> What you have to do: Return only those lines of the listing that hold the word "Blue".

> Study material:
....
(* Let $n$ be a positive integer and $x\in\Gamma_n$. Then \[ \textsc{BPSP}(x)=\xi_n\bigl(\sigma_{\mathrm{RF}}(x)\bigr)-\textsc{MaxCut}(G_x)=n-\tfrac12+\tfrac12\,\#_{\mathrm{dl}}(x)+\tfrac12\,W_{\mathrm{tot}}(G_x)-\textsc{MaxCut}(G_x), \] and \[ \widetilde{\textsc{BPSP}^*}(x)=\textsc{MaxCut}^*(G_x). \]
   Context: Let $[n]=\{1,\dots,n\}$. $\Gamma_n$ is the set of words $x=(x_1,\dots,x_{2n})\in[n]^{2n}$ in which every symbol $i\in[n]$ occurs exactly twice. Colours are the formal symbols $r,b$; $\neg$ swaps $r$ and $b$, $\neg^0$ is the identity and $\neg^1=\neg$. $[\,\cdot\,]$ is the Iverson bracket (1 if true, 0 otherwise). For $i\in[2n-1]$, $\eta(x,i)=[x_{i+1}\in\{x_1,\dots,x_i\}]\oplus[x_i\in\{x_1,\dots,x_{i-1}\}]$ ($\oplus$ = exclusive or). The set of valid colourings is $\Xi_n(x)=\{f\in\{r,b\}^{2n}:\ \forall i\neq j,\ x_i=x_j\Rightarrow f_i\neq f_j\}$, and for $f\in\{r,b\}^{2n}$, $\xi_n(f)=\sum_{i=1}^{2n-1}[f_i\neq f_{i+1}]$. $\textsc{BPSP}(x)=\min_{f\in\Xi_n(x)}\xi_n(f)$. The red-first colouring $\sigma_{\mathrm{RF}}(x)\in\{r,b\}^{2n}$ has $i$-th entry $r$ if $x_i\notin\{x_1,\dots,x_{i-1}\}$ and $b$ otherwise. For $z\in\{r,b\}^n$, $\mathcal E_n(x,z)\in\{r,b\}^{2n}$ has $i$-th entry $\neg^{[x_i\in\{x_1,\dots,x_{i-1}\}]}z_{x_i}$, and $\tilde\xi_n(x,z)=\xi_n(\mathcal E_n(x,z))$; $\widetilde{\textsc{BPSP}^*}(x)=\operatorname{argmin}_{z\in\{r,b\}^n}\tilde\xi_n(x,z)$ (a set). For a subset $e\subseteq[n]$, $\theta_x(e)=-\sum_{i=1}^{2n-1}(-1)^{\eta(x,i)}\delta_{e,\{x_i,x_{i+1}\}}$. The BPSP graph is the weighted graph $G_x=(V_x,E_x,W_x)$ with $V_x=[n]$, $E_x=\{\{x_i,x_{i+1}\}: i\in[2n-1],\ x_i\neq x_{i+1},\ \theta_x(\{x_i,x_{i+1}\})\neq0\}$ and $W_x=\theta_x|_{E_x}$. For a weighted graph $G=(V,E,W)$ with $V=[n]$: $W_{\mathrm{tot}}(G)=\sum_{\{i,j\}\in E}W(\{i,j\})$; for $z\in\{r,b\}^n$, $\mathrm{wt}_G(z)=\sum_{\{i,j\}\in E}W(\{i,j\})[z_i\neq z_j]$; $\textsc{MaxCut}(G)=\max_{z\in\{r,b\}^n}\mathrm{wt}_G(z)$ and $\textsc{MaxCut}^*(G)=\operatorname{argmax}_{z\in\{r,b\}^n}\mathrm{wt}_G(z)$. The double letter count is $\#_{\mathrm{dl}}(x)=|\{i\in[2n-1]: x_i=x_{i+1}\}|$. *)

theory Defs
  imports Complex_Main
begin

text \<open>Words are lists of length 2n; the paper's 1-based position i is list index i-1.
  Colour vectors z in {r,b}^n are lists of length n; z_a is z ! (a-1).\<close>

datatype colour = Red | Blue

fun neg :: "colour \<Rightarrow> colour" where
  "neg Red = Blue" | "neg Blue = Red"

definition negpow :: "bool \<Rightarrow> colour \<Rightarrow> colour" where
  "negpow e c = (if e then neg c else c)"

definition Gamma :: "nat \<Rightarrow> nat list set" where
  "Gamma n = {x. length x = 2*n \<and> set x \<subseteq> {1..n} \<and> (\<forall>a\<in>{1..n}. count_list x a = 2)}"

definition letter :: "nat list \<Rightarrow> nat \<Rightarrow> nat" where
  "letter x i = x ! (i - 1)"

definition seen :: "nat list \<Rightarrow> nat \<Rightarrow> bool" where
  "seen x i = (letter x i \<in> set (take (i - 1) x))"

definition eta :: "nat list \<Rightarrow> nat \<Rightarrow> bool" where
  "eta x i = (seen x (i+1) \<noteq> seen x i)"

definition Xi :: "nat \<Rightarrow> nat list \<Rightarrow> colour list set" where
  "Xi n x = {f. length f = 2*n \<and> (\<forall>i\<in>{1..2*n}. \<forall>j\<in>{1..2*n}.
      i \<noteq> j \<and> letter x i = letter x j \<longrightarrow> f ! (i-1) \<noteq> f ! (j-1))}"

definition xi :: "nat \<Rightarrow> colour list \<Rightarrow> nat" where
  "xi n f = (\<Sum>i\<in>{1..2*n-1}. if f ! (i-1) \<noteq> f ! i then 1 else 0)"

definition BPSP :: "nat \<Rightarrow> nat list \<Rightarrow> nat" where
  "BPSP n x = Min (xi n ` Xi n x)"

definition sigma_RF :: "nat \<Rightarrow> nat list \<Rightarrow> colour list" where
  "sigma_RF n x = map (\<lambda>i. if seen x i then Blue else Red) [1..<2*n+1]"

definition Enc :: "nat \<Rightarrow> nat list \<Rightarrow> colour list \<Rightarrow> colour list" where
  "Enc n x z = map (\<lambda>i. negpow (seen x i) (z ! (letter x i - 1))) [1..<2*n+1]"

definition xi_tilde :: "nat \<Rightarrow> nat list \<Rightarrow> colour list \<Rightarrow> nat" where
  "xi_tilde n x z = xi n (Enc n x z)"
....
> Output below:
datatype colour = Red | Blue
  "neg Red = Blue" | "neg Blue = Red"
  "sigma_RF n x = map (\<lambda>i. if seen x i then Blue else Red) [1..<2*n+1]"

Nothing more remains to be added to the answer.